Similarly, the authors are lumping together those with a high school diploma and those with less than a high school diploma in the statistical comparisons -- so the analysis differs from the traditional comparisons of high school- and college-educated individuals.

Those who did not graduate from high school make up 24 percent of the sample for the “High school or less” category and 33 percent of the unemployed according to the May 2012 Bureau of Labor Statistics data.  Those who attained only a high school diploma are much more likely to still have a job (8 percent unemployment) than are those with less than a high school education (13 percent unemployment).

But what is worse, the authors fail to seriously do what even undergraduate economics students writing papers would be expected to do -- relate costs to benefits. Suppose, even after controlling for everything under the sun, college graduates have a clear employment security advantage during turbulent economic times -- a conclusion that we acknowledge is plausible, maybe even expected, if colleges do what they claim to do.

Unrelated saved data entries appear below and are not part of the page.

lemma filterlim_hq_at_bot_at_pole:
  assumes "q > 1" "sqrt q * cos p + 1 = 0"
    and "eventually (\<lambda>t. sin p * (sqrt q * cos t + 1) < 0) (at p within S)"
  shows "filterlim (hq q) at_bot (at p within S)"
proof -
  have "sin p \<noteq> 0" using sin_ne_0_at_hq_pole[OF assms(1,2)] .
  then have hq: "(\<lambda>t. - hq q t) = (\<lambda>t. sqrt q * sin p * sin t / (- sin p * (sqrt q * cos t + 1)))"
    by (simp add: hq_def fun_eq_iff)
  have "((\<lambda>t. sqrt q * sin p * sin t) \<longlongrightarrow> sqrt q * sin p * sin p) (at p within S)"
    "((\<lambda>t. - sin p * (sqrt q * cos t + 1)) \<longlongrightarrow> - sin p * (sqrt q * cos p + 1)) (at p within S)"
    by (intro tendsto_intros)+
  moreover have "0 < sqrt q * sin p * sin p"
    using \<open>sin p \<noteq> 0\<close> assms(1) by (auto simp: mult.assoc zero_less_mult_iff linorder_neq_iff)
  ultimately have "filterlim (\<lambda>t. - hq q t) at_top (at p within S)"
    unfolding hq using assms(2,3) by (intro LIM_at_top_divide) auto
  then show ?thesis by (simp add: filterlim_uminus_at_bot)
qed

lemma exists_zero_between:
  fixes d :: "real \<Rightarrow> real"
  assumes "L < R" and cont: "continuous_on {L<..<R} d"
    and "eventually (\<lambda>t. 0 < d t) (at_right L)" "eventually (\<lambda>t. d t < 0) (at_left R)"
  obtains x where "x \<in> {L<..<R}" "d x = 0"
proof -
  have "eventually (\<lambda>t. t \<in> {L<..<R} \<and> 0 < d t) (at_right L)"
    using assms(3) eventually_at_right_real[OF \<open>L < R\<close>] by eventually_elim auto
  then obtain u where u: "u \<in> {L<..<R}" "0 < d u"
    using eventually_happens'[OF trivial_limit_at_right_real] by blast
  have "u < R" using u by simp
  have "eventually (\<lambda>t. t \<in> {u<..<R} \<and> d t < 0) (at_left R)"
    using assms(4) eventually_at_left_real[OF \<open>u < R\<close>] by eventually_elim auto
  then obtain v where v: "v \<in> {u<..<R}" "d v < 0"
    using eventually_happens'[OF trivial_limit_at_left_real] by blast
  have "continuous_on {u..v} d"
    using u v by (intro continuous_on_subset[OF cont]) auto
  then obtain x where "u \<le> x" "x \<le> v" "d x = 0"
    using IVT2'[of d v 0 u] u v by auto
  then show thesis using that[of x] u v by auto
qed

lemma crossing_of_steeper:
  fixes f g :: "real \<Rightarrow> real"
  assumes "L < R"
    and f: "\<And>t. (f has_real_derivative f' t) (at t)"
    and g: "\<And>t. t \<in> {L<..<R} \<Longrightarrow> (g has_real_derivative g' t) (at t)"
    and steeper: "\<And>t. t \<in> {L<..<R} \<Longrightarrow> f' t < g' t"
    and g_L: "filterlim g at_bot (at_right L)" and g_R: "filterlim g at_top (at_left R)"
  obtains x where "x \<in> {L<..<R}" "\<And>t. t \<in> {L<..<R} \<Longrightarrow> sgn (f t - g t) = sgn (x - t)"
proof -
  define d where "d t = f t - g t" for t
  have d_deriv: "(d has_real_derivative f' t - g' t) (at t)" if "t \<in> {L<..<R}" for t
    unfolding d_def[abs_def] using f g that by (intro DERIV_diff)
  have d_decreasing: "d v < d u" if "L < u" "u < v" "v < R" for u v
  proof (rule DERIV_neg_imp_decreasing[OF \<open>u < v\<close>])
    fix t assume "u \<le> t" "t \<le> v"
    with that have "t \<in> {L<..<R}" by auto
    with d_deriv steeper show "\<exists>y. (d has_real_derivative y) (at t) \<and> y < 0"
      by (intro exI[of _ "f' t - g' t"]) auto
  qed
  have "continuous_on {L<..<R} d"
    using d_deriv by (intro continuous_at_imp_continuous_on ballI DERIV_isCont) blast
  moreover have "eventually (\<lambda>t. 0 < d t) (at_right L)"
  proof -
    have "(f \<longlongrightarrow> f L) (at_right L)"
      using DERIV_isCont[OF f] by (simp add: isCont_def filterlim_at_split)
    moreover have "filterlim (\<lambda>t. - g t) at_top (at_right L)"
      using g_L by (simp add: filterlim_uminus_at_bot)
    ultimately have "filterlim d at_top (at_right L)"
      using filterlim_tendsto_add_at_top unfolding d_def[abs_def] by fastforce
    then show ?thesis unfolding filterlim_at_top_dense by blast
  qed
  moreover have "eventually (\<lambda>t. d t < 0) (at_left R)"
  proof -
    have "((\<lambda>t. - f t) \<longlongrightarrow> - f R) (at_left R)"
      using DERIV_isCont[OF f] by (intro tendsto_minus) (simp add: isCont_def filterlim_at_split)
    from filterlim_tendsto_add_at_top[OF this g_R]
    have "filterlim (\<lambda>t. - d t) at_top (at_left R)" unfolding d_def by simp
    then have "eventually (\<lambda>t. 0 < - d t) (at_left R)" unfolding filterlim_at_top_dense by blast
    then show ?thesis by simp
  qed
  ultimately obtain x where x: "x \<in> {L<..<R}" "d x = 0"
    using exists_zero_between[OF \<open>L < R\<close>] by blast
  have "sgn (d t) = sgn (x - t)" if "t \<in> {L<..<R}" for t
    using d_decreasing[of t x] d_decreasing[of x t] x that
    by (cases t x rule: linorder_cases) auto
  then show thesis using that x unfolding d_def by blast
qed

text \<open>Branch j of h: the range of theta - theta_{eta_l} in which T_{j,l} eta is sought, taken as
  an interval of reals between consecutive poles of h rather than modulo 2 pi.\<close>
definition branch :: "real \<Rightarrow> nat \<Rightarrow> real set" where
  "branch q j = (if j = 1 then {theta_q q - pi<..<pi - theta_q q} else {pi - theta_q q<..<pi + theta_q q})"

Is the value of that job security advantage big enough to offset the costs of college attendance, where "costs" include not only cash outlays by students, and the income foregone while studying rather than working, but also the total cost to society from the various government subsidies associated with a college education, and the high risks related to the fact that a majority of college students either do not graduate at all, or fail to do so in the advertised (four-year) time needed to complete the degree?

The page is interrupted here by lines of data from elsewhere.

text \<open>With \<open>u = F x\<close>, the ratio \<open>g2/g1\<close> is \<open>\<rho>(u) = k/(k-j) (1 - u^(k-j))\<close> and
  \<open>g1 = f \<cdot> j u^(j-1)\<close>, so both divergences are integrals of the form \<open>\<integral> f(x) h(F x) dx\<close>.
  As \<open>F(X)\<close> is uniform on \<open>(0,1)\<close> (probability integral transform), the distance becomes
  \<open>\<integral>\<^sub>0\<^sup>1 j u^(j-1) (\<rho>(u) - 1) ln \<rho>(u) du\<close>. This integrand has the explicit antiderivative
  \<open>j/(k-j) u^j (1 - u^(k-j)) ln \<rho>(u) + j/k u^k\<close>, which vanishes at 0 and tends to \<open>j/k\<close> at 1.\<close>

lemma (in real_distribution) emeasure_cdf_le:
  assumes no_atoms: "\<And>x. measure M {x} = 0"
  shows "emeasure M {x. cdf M x \<le> a} = emeasure lborel ({0<..<1} \<inter> {..a})"
proof -
  define S where "S = {x. cdf M x \<le> a}"
  have cont: "isCont (cdf M) x" for x
    using no_atoms isCont_cdf by blast
  consider "1 \<le> a" | "S = {}" | "a < 1" "S \<noteq> {}" by linarith
  then show ?thesis
  proof cases
    case 1
    then have "S = UNIV" "{0<..<1} \<inter> {..a} = {0<..<1::real}"
      using cdf_bounded_prob order_trans by (auto simp: S_def)
    then show ?thesis using emeasure_space_1 by (simp add: S_def)
  next
    case 2
    have "\<not> 0 < a"
    proof
      assume "0 < a"
      then have "\<forall>\<^sub>F x in at_bot. cdf M x < a" using order_tendstoD(2)[OF cdf_lim_at_bot] by blast
      then obtain x where "cdf M x < a" by (metis eventually_at_bot_linorder order_refl)
      with 2 show False by (auto simp: S_def dest: less_imp_le)
    qed
    then have "{0<..<1} \<inter> {..a} = ({}::real set)" by auto
    with 2 show ?thesis by (simp add: S_def)
  next
    case 3
    obtain x0 where "a < cdf M x0"
      using order_tendstoD(1)[OF cdf_lim_at_top_prob \<open>a < 1\<close>] by (auto simp: eventually_at_top_linorder)
    have "x \<le> x0" if "x \<in> S" for x
      using that \<open>a < cdf M x0\<close> cdf_nondecreasing[of x0 x] by (cases "x0 \<le> x") (auto simp: S_def)
    then have bdd: "bdd_above S" by (auto simp: bdd_above_def)
    define s where "s = Sup S"
    have "closed S" unfolding S_def by (intro closed_Collect_le continuous_intros) (simp add: cont continuous_at_imp_continuous_on)
    then have "s \<in> S" unfolding s_def using 3 bdd by (intro closed_contains_Sup)
    have S: "S = {..s}"
    proof
      show "S \<subseteq> {..s}" using bdd unfolding s_def by (auto intro: cSup_upper)
      show "{..s} \<subseteq> S" using \<open>s \<in> S\<close> cdf_nondecreasing by (auto simp: S_def intro: order_trans)
    qed
    have "cdf M s = a"
    proof (rule ccontr)
      assume "cdf M s \<noteq> a"
      with \<open>s \<in> S\<close> have "cdf M s < a" by (simp add: S_def)
      then have "\<forall>\<^sub>F y in at s. cdf M y < a"
        using cont[of s] by (simp add: isCont_def order_tendstoD(2))
      then have "\<forall>\<^sub>F y in at_right s. s < y \<and> cdf M y < a"
        by (intro eventually_conj eventually_at_right_less) (simp add: eventually_at_split)
      then obtain y where "s < y" "cdf M y < a"
        using eventually_happens trivial_limit_at_right_real by blast
      then have "y \<in> S" by (simp add: S_def)
      with S \<open>s < y\<close> show False by auto
    qed
    then have "emeasure M S = a" unfolding S by (simp add: emeasure_eq_measure cdf_def)
    moreover have "{0<..<1} \<inter> {..a} = {0<..a}" using 3 by auto
    moreover have "0 \<le> a" using cdf_nonneg \<open>cdf M s = a\<close> by metis
    ultimately show ?thesis by (simp add: S_def)
  qed
qed

lemma (in real_distribution) distributed_cdf_uniform:
  assumes no_atoms: "\<And>x. measure M {x} = 0"
  shows "distributed M lborel (cdf M) (\<lambda>u. ennreal (indicator {0<..<1} u))"
proof -
  have "cdf M \<in> borel_measurable M"
    using cdf_nondecreasing by (simp add: borel_measurable_mono mono_def)
  from uniform_distrI_borel[OF this, of "{0<..<1}" 1] show ?thesis
    using emeasure_cdf_le[OF no_atoms] by (simp add: divide_ennreal_def)
qed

All of that aside, however -- a huge "aside" -- there are hints in the data that the college advantage is becoming frayed. Look, for example, at Figure 2 in the executive summary, which seems to show that the college degree earnings advantage (to us a vastly overused and flawed statistic) peaked around 2005 or so and has declined modestly since. From 2008 and 2010, Census Bureau data show real earnings fell a good deal for full-time male college-educated workers, unlike, for example, those with less than a high school education. On September 7 the Census Bureau will release 2011 data which will give further indication whether the most recent data are the beginning of a longer-term trend.

Our reading of the evidence is that truly dispassionate examination of the data by those without any vested interest in the conclusions, controlling for other factors involved in determining unemployment and earnings, might well yield a radically different conclusion than found in this public relations effort of Tony Carnevale and his team at Georgetown. The assumptions of this report – that those with little education dramatically improve their job security by deciding to go to college -- are certainly not adequately demonstrated.